Use # run if ... when the condition describes the target environment: “this test runs in CI.” Use # skip unless ... when the condition describes a requirement: “skip this test unless docker is available.” The marker should read like a sentence that explains why the test might not run.

Understand effect skip propagation

Putting a marker on an effect skips every test that depends on it. This is powerful but can be surprising. If an effect is shared by many tests, a single marker on that effect gates a large part of the suite. Before adding a marker to a widely-used effect, consider whether the marker belongs on the individual tests instead.

The CLI

From The CLI:

Use --rerun after fixing a failure

When a run has failures and you think you have fixed the issue, use relux run --rerun instead of re-running the full suite. This targets only the tests that failed last time, giving you faster feedback.
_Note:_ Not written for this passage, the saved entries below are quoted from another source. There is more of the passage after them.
(* There is an absolute constant $c>0$ such that for all finite nonempty sets $\mathcal{A},\mathcal{B},\mathcal{C}$ of nonzero complex numbers, $$|\mathcal{A}\mathcal{C}+\mathcal{A}\mathcal{C}|\,|\mathcal{B}\mathcal{C}+\mathcal{B}\mathcal{C}|\geq c\,|\mathcal{A}/\mathcal{B}|\,|\mathcal{C}|^2.$$
   Context: For finite sets $X,Y\subset\mathbb{C}$, $X+Y:=\{x+y:x\in X,y\in Y\}$, $XY:=\{xy:x\in X,y\in Y\}$, and for $0\notin Y$, $X/Y:=\{x/y:x\in X,y\in Y\}$. *)

theory Defs
  imports Complex_Main
begin

definition sumset :: "complex set \<Rightarrow> complex set \<Rightarrow> complex set" where
  "sumset X Y = {x + y | x y. x \<in> X \<and> y \<in> Y}"

definition prodset :: "complex set \<Rightarrow> complex set \<Rightarrow> complex set" where
  "prodset X Y = {x * y | x y. x \<in> X \<and> y \<in> Y}"

definition quotset :: "complex set \<Rightarrow> complex set \<Rightarrow> complex set" where
  "quotset X Y = {x / y | x y. x \<in> X \<and> y \<in> Y}"

end

theory Submission
  imports Defs
begin

text \<open>
  Let \<open>L = A/B\<close>. Choose for every \<open>l \<in> L\<close> a representation \<open>l = a\<^sub>l / b\<^sub>l\<close> and a
  nearest neighbour \<open>m\<close> of \<open>l\<close> in \<open>L - {l}\<close>, and map \<open>(l, c, c')\<close> to
  \<open>(b\<^sub>l c + b\<^sub>m c', a\<^sub>l c + a\<^sub>m c') \<in> (BC + BC) \<times> (AC + AC)\<close>.
  For fixed \<open>l\<close> this map is injective because \<open>l \<noteq> m\<close>. Suppose any two elements of \<open>BC\<close>
  form an acute angle. An image point \<open>(X, Y)\<close> then satisfies
  \<open>Y/X = l + (m - l) z\<^sub>2 / (z\<^sub>1 + z\<^sub>2)\<close> with \<open>|z\<^sub>2| < |z\<^sub>1 + z\<^sub>2|\<close>, so \<open>Y/X\<close> is closer
  to \<open>l\<close> than the nearest neighbour of \<open>l\<close> is. A point is that close to at most ten points of
  \<open>L\<close>: two of them seen from it in the same sector of width \<open>\<pi>/4\<close> would be closer to each
  other. Hence all fibres have at most ten elements and
  \<open>|A/B| |C|\<^sup>2 \<le> 10 |AC + AC| |BC + BC|\<close>. In general, pigeonholing \<open>B\<close> and \<open>C\<close> into the
  nine angular sectors of width \<open>\<pi>/4\<close> reduces to this case at the cost of a factor \<open>9\<^sup>3\<close>.
\<close>

lemma pigeonhole_card_UN:
  assumes "finite I" "I \<noteq> {}" "X \<subseteq> (\<Union>i\<in>I. G i)" "\<And>i. i \<in> I \<Longrightarrow> finite (G i)"
  shows "\<exists>i\<in>I. card X \<le> card I * card (G i)"
proof -
  have "Max ((\<lambda>j. card (G j)) ` I) \<in> (\<lambda>j. card (G j)) ` I"
    using assms(1,2) by (intro Max_in) auto
  then obtain i where i: "i \<in> I" "card (G i) = Max ((\<lambda>j. card (G j)) ` I)"
    by auto
  then have le: "card (G j) \<le> card (G i)" if "j \<in> I" for j
    using assms(1) that by simp
  have "card X \<le> card (\<Union>i\<in>I. G i)" using assms by (intro card_mono) auto
  also have "\<dots> \<le> (\<Sum>j\<in>I. card (G j))" using assms(1) by (rule card_UN_le)
  also have "\<dots> \<le> card I * card (G i)" using sum_bounded_above[of I, OF le] by simp
  finally show ?thesis using i(1) by blast
qed
section \<open>The (2,2)-skeleton\<close>

lemma layer_index_two_of_three:
  fixes L0 L1 L2 d0 d1 d2 :: int
  assumes "2 * L0 < d0" "d0 \<le> 2 * L0 + 2" "2 * L1 < d1" "d1 \<le> 2 * L1 + 2"
    and "2 * L2 < d2" "d2 \<le> 2 * L2 + 2" and "\<bar>d0 - d1\<bar> \<le> 1" "\<bar>d1 - d2\<bar> \<le> 1"
  shows "L0 = L1 \<or> L1 = L2 \<or> L0 = L2"
  using assms by arith

locale two_skeleton = conn_graph +
  fixes x0 :: 'a
  assumes root: "x0 \<in> V"

sublocale two_skeleton \<subseteq> rooted_skeleton V E x0 2 2
  by unfold_locales (use root in auto)

context two_skeleton
begin

lemma layer_of_bounds:
  assumes "x \<in> V"
  shows "2 * layer_of x < int (gdist V E x x0) \<and> int (gdist V E x x0) \<le> 2 * layer_of x + 2"
proof -
  have "x \<in> layer V E x0 2 (layer_of x)"
    using assms by (simp add: mem_layer_iff)
  then have "real_of_int (2 * layer_of x) < real_of_int (int (gdist V E x x0))"
    "real_of_int (int (gdist V E x x0)) \<le> real_of_int (2 * layer_of x + 2)"
    by (simp_all add: layer_def algebra_simps)
  then show ?thesis
    by (simp only: of_int_less_iff of_int_le_iff)
qed

text \<open>Layers have width 2 and the distance to the root changes by at most 1 along an edge, so two
  of the three vertices share a layer; being at distance at most 2, they then share a block.\<close>

lemma three_consecutive_blocks:
  assumes "E a0 a1" "E a1 a2"
  shows "block_of a0 = block_of a1 \<or> block_of a1 = block_of a2 \<or> block_of a0 = block_of a2"
proof -
  have V: "a0 \<in> V" "a1 \<in> V" "a2 \<in> V"
    using assms edge_in_V by blast+
  have d01: "gdist V E a0 a1 \<le> 1" "gdist V E a1 a0 \<le> 1"
    and d12: "gdist V E a1 a2 \<le> 1" "gdist V E a2 a1 \<le> 1"
    using gdist_edge assms edge_sym by blast+
  then have d02: "gdist V E a0 a2 \<le> 2"
    using gdist_triangle[OF V] by linarith
  have "\<bar>int (gdist V E a0 x0) - int (gdist V E a1 x0)\<bar> \<le> 1"
    "\<bar>int (gdist V E a1 x0) - int (gdist V E a2 x0)\<bar> \<le> 1"
    using d01 d12 gdist_triangle[OF V(1,2) root] gdist_triangle[OF V(2,1) root]
      gdist_triangle[OF V(2,3) root] gdist_triangle[OF V(3,2) root] by linarith+
  then have "layer_of a0 = layer_of a1 \<or> layer_of a1 = layer_of a2 \<or> layer_of a0 = layer_of a2"
    using layer_index_two_of_three layer_of_bounds[OF V(1)] layer_of_bounds[OF V(2)]
      layer_of_bounds[OF V(3)] by blast
  moreover have "k_close a0 a1" "k_close a1 a2" "k_close a0 a2"
    using d01(1) d12(1) d02 by simp_all
  ultimately show ?thesis
    using block_of_eqI[OF V(1,2)] block_of_eqI[OF V(2,3)] block_of_eqI[OF V(1,3)] by metis
qed

lemma skel_path_of_edge:
  assumes "E a b"
  shows "\<exists>ys. rtrancl_path (induced SE SV) (block_of a) ys (block_of b) \<and> length ys \<le> 1"
proof (cases "block_of a = block_of b")
  case True
  then show ?thesis
    by (intro exI[of _ "[]"]) simp
next
  case False
  then have "SE (block_of a) (block_of b)"
    using edge_block_of[OF assms] by simp
  then show ?thesis
    by (intro exI[of _ "[block_of b]"]) (simp add: induced_def skel_E_def)
qed

lemma skel_path_of_path:
  "rtrancl_path (induced E V) a xs b \<Longrightarrow>
    \<exists>ys. rtrancl_path (induced SE SV) (block_of a) ys (block_of b) \<and> 2 * length ys \<le> length xs + 1"
proof (induction xs arbitrary: a rule: induct_list012)
  case 1
  then show ?case
    by (intro exI[of _ "[]"]) simp
next
  case (2 x)
  then have "E a b"
    by (auto simp: induced_def)
  then show ?case
    using skel_path_of_edge by fastforce
next
  case (3 x y zs)
  then have "rtrancl_path (induced E V) y zs b"
    by simp
  then obtain ys where ys: "rtrancl_path (induced SE SV) (block_of y) ys (block_of b)"
    "2 * length ys \<le> length zs + 1"
    using "3.IH"(1) by blast
  from "3.prems" have "E a x" "E x y"
    by (auto simp: induced_def)
  have "\<exists>us. rtrancl_path (induced SE SV) (block_of a) us (block_of y) \<and> length us \<le> 1"
    using three_consecutive_blocks[OF \<open>E a x\<close> \<open>E x y\<close>]
      skel_path_of_edge[OF \<open>E a x\<close>] skel_path_of_edge[OF \<open>E x y\<close>]
    by (auto intro: exI[of _ "[]"])
  then obtain us where "rtrancl_path (induced SE SV) (block_of a) us (block_of y)" "length us \<le> 1"
    by blast
  with ys show ?case
    by (intro exI[of _ "us @ ys"]) (auto intro: rtrancl_path_trans)
qed

lemma gdist_skel_le:
  assumes "a \<in> V" "b \<in> V"
  shows "2 * gdist SV SE (block_of a) (block_of b) \<le> gdist V E a b + 1"
proof -
  obtain xs where "rtrancl_path (induced E V) a xs b" "length xs = gdist V E a b"
    using shortest_path assms by metis
  then obtain ys where "rtrancl_path (induced SE SV) (block_of a) ys (block_of b)"
    "2 * length ys \<le> gdist V E a b + 1"
    using skel_path_of_path by metis
  moreover have "block_of a \<in> SV"
    using skel_V_eq assms by blast
  ultimately show ?thesis
    using gdist_le_length by fastforce
qed

end

section \<open>Lifting fat minors from the (2,2)-skeleton\<close>

definition closed_nbhd :: "('a \<Rightarrow> 'a \<Rightarrow> bool) \<Rightarrow> 'a set \<Rightarrow> 'a set" where
  "closed_nbhd E Y = {x. \<exists>y\<in>Y. x = y \<or> E y x}"

lemma subset_closed_nbhd: "Y \<subseteq> closed_nbhd E Y"
  by (auto simp: closed_nbhd_def)

lemma rtranclp_closed_nbhd:
  assumes "x \<in> closed_nbhd E Y"
  obtains a where "a \<in> Y" "(induced E (closed_nbhd E Y))\<^sup>*\<^sup>* a x"
proof -
  obtain a where "a \<in> Y" "x = a \<or> E a x"
    using assms by (auto simp: closed_nbhd_def)
  moreover have "a \<in> closed_nbhd E Y"
    using \<open>a \<in> Y\<close> subset_closed_nbhd[of Y E] by blast
  ultimately have "(induced E (closed_nbhd E Y))\<^sup>*\<^sup>* a x"
    using assms by (metis induced_def r_into_rtranclp rtranclp.rtrancl_refl)
  with \<open>a \<in> Y\<close> show ?thesis
    by (rule that)
qed

lemma r_disjoint_mono:
  "r_disjoint V E r X Y \<Longrightarrow> X' \<subseteq> X \<Longrightarrow> Y' \<subseteq> Y \<Longrightarrow> r_disjoint V E r X' Y'"
  unfolding r_disjoint_def by blast

context conn_graph
begin

lemma closed_nbhd_subset_V: "Y \<subseteq> V \<Longrightarrow> closed_nbhd E Y \<subseteq> V"
  by (auto simp: closed_nbhd_def dest: edge_in_V)

lemma closed_nbhd_gdist:
  assumes "x \<in> closed_nbhd E Y" "Y \<subseteq> V"
  obtains a where "a \<in> Y" "gdist V E a x \<le> 1" "gdist V E x a \<le> 1"
  using assms gdist_self gdist_edge edge_sym by (force simp: closed_nbhd_def)

end

context two_skeleton
begin

lemma block_rtranclp_in_closed_nbhd:
  assumes "S \<in> SV" "S \<subseteq> Y" "a \<in> S" "b \<in> S"
  shows "(induced E (closed_nbhd E Y))\<^sup>*\<^sup>* a b"
proof -
  let ?N = "closed_nbhd E Y"
  have "k_connected V E 2 S"
    using assms(1) by (auto simp: skel_V_def is_block_def)
  then have "(induced k_close S)\<^sup>*\<^sup>* a b"
    using assms(3,4) by (simp add: k_connected_iff_rel_connected rel_connected_def)
  then show ?thesis
  proof (induction rule: rtranclp_induct)
    case (step y z)
    then have "y \<in> S" "z \<in> S" "gdist V E y z \<le> 2"
      by (simp_all add: induced_def)
    moreover have "y \<in> V" "z \<in> V"
      using \<open>y \<in> S\<close> \<open>z \<in> S\<close> skel_vertex_subset_V[OF assms(1)] by blast+
    ultimately consider "y = z" | "E y z" | m where "E y m" "E m z"
      using gdist_le_2_cases by metis
    then have "(induced E ?N)\<^sup>*\<^sup>* y z"
    proof cases
      case 2
      have "y \<in> ?N" "z \<in> ?N"
        using \<open>y \<in> S\<close> \<open>z \<in> S\<close> assms(2) by (auto simp: closed_nbhd_def)
      with 2 have "induced E ?N y z"
        by (simp add: induced_def)
      then show ?thesis
        by (rule r_into_rtranclp)
    next
      case (3 m)
      have "y \<in> ?N" "z \<in> ?N" "m \<in> ?N"
        using \<open>y \<in> S\<close> \<open>z \<in> S\<close> \<open>E y m\<close> assms(2) by (auto simp: closed_nbhd_def)
      with 3 have "induced E ?N y m" "induced E ?N m z"
        by (simp_all add: induced_def)
      then show ?thesis
        by (meson r_into_rtranclp rtranclp_trans)
    qed simp
    with step.IH show ?case
      by (rule rtranclp_trans)
  qed simp
qed

lemma skel_rtranclp_in_closed_nbhd:
  assumes "Z \<subseteq> SV" "(induced SE Z)\<^sup>*\<^sup>* A B" "A \<in> Z" "a \<in> A" "b \<in> B"
  shows "(induced E (closed_nbhd E (\<Union>Z)))\<^sup>*\<^sup>* a b"
  using assms(2,5)
proof (induction arbitrary: b rule: rtranclp_induct)
  case base
  show ?case
    using block_rtranclp_in_closed_nbhd assms(1,3,4) base by blast
next
  case (step B C)
  then obtain x y where "x \<in> B" "y \<in> C" "E x y" "B \<in> Z" "C \<in> Z"
    by (auto simp: induced_def skel_E_def)
  have "x \<in> \<Union>Z" "y \<in> \<Union>Z"
    using \<open>x \<in> B\<close> \<open>y \<in> C\<close> \<open>B \<in> Z\<close> \<open>C \<in> Z\<close> by blast+
  then have "induced E (closed_nbhd E (\<Union>Z)) x y"
    using \<open>E x y\<close> subset_closed_nbhd[of "\<Union>Z" E] by (auto simp: induced_def)
  moreover have "(induced E (closed_nbhd E (\<Union>Z)))\<^sup>*\<^sup>* y b"
    using block_rtranclp_in_closed_nbhd assms(1) \<open>C \<in> Z\<close> \<open>y \<in> C\<close> step.prems by blast
  ultimately show ?case
    using step.IH[OF \<open>x \<in> B\<close>] by (meson converse_rtranclp_into_rtranclp rtranclp_trans)
qed

lemma connected_closed_nbhd:
  assumes "Z \<subseteq> SV" "connected_graph Z SE"
  shows "connected_graph (closed_nbhd E (\<Union>Z)) E"
  unfolding connected_graph_def
proof (intro conjI ballI)
  let ?N = "closed_nbhd E (\<Union>Z)"
  obtain A where "A \<in> Z"
    using assms(2) by (auto simp: connected_graph_def)
  then have "A \<noteq> {}"
    using assms(1) skel_vertex_nonempty by blast
  with \<open>A \<in> Z\<close> have "\<Union>Z \<noteq> {}"
    by blast
  then show "?N \<noteq> {}"
    using subset_closed_nbhd[of "\<Union>Z" E] by blast
  fix x y assume "x \<in> ?N" "y \<in> ?N"
  then obtain a b where "a \<in> \<Union>Z" "(induced E ?N)\<^sup>*\<^sup>* a x" "b \<in> \<Union>Z" "(induced E ?N)\<^sup>*\<^sup>* b y"
    by (meson rtranclp_closed_nbhd)
  then obtain A B where "A \<in> Z" "a \<in> A" "B \<in> Z" "b \<in> B"
    by blast
  have "\<exists>p. walk Z SE p \<and> hd p = A \<and> last p = B"
    using assms(2) \<open>A \<in> Z\<close> \<open>B \<in> Z\<close> unfolding connected_graph_def by blast
  then have "(induced SE Z)\<^sup>*\<^sup>* A B"
    using ex_walk_iff_rtranclp[OF \<open>A \<in> Z\<close>] by simp
  then have "(induced E ?N)\<^sup>*\<^sup>* a b"
    by (rule skel_rtranclp_in_closed_nbhd[OF assms(1) _ \<open>A \<in> Z\<close> \<open>a \<in> A\<close> \<open>b \<in> B\<close>])
  moreover have "(induced E ?N)\<^sup>*\<^sup>* x a"
    using \<open>(induced E ?N)\<^sup>*\<^sup>* a x\<close> by (rule sympD[OF symp_rtranclp[OF symp_induced]])
  ultimately have "(induced E ?N)\<^sup>*\<^sup>* x y"
    using \<open>(induced E ?N)\<^sup>*\<^sup>* b y\<close> by (meson rtranclp_trans)
  then show "\<exists>p. walk ?N E p \<and> hd p = x \<and> last p = y"
    using ex_walk_iff_rtranclp[OF \<open>x \<in> ?N\<close>] by simp
qed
Once the reruns pass, do a full relux run to confirm nothing else broke.

Match strategy to context

Use --strategy fail-fast during local development — you want to know about the first failure quickly so you can fix it. Use --strategy all in CI — you want a complete picture of the suite’s health, not just the first problem.

Start flakiness investigation with history

When a test starts failing intermittently, run relux history --flaky before digging into the test code. The flakiness rate tells you whether you are dealing with an environment issue (sporadic) or a logic bug (consistent). If the test passes 95% of the time, you are probably looking at a timing issue. If it passes 50% of the time, there may be a race condition or uncontrolled dependency.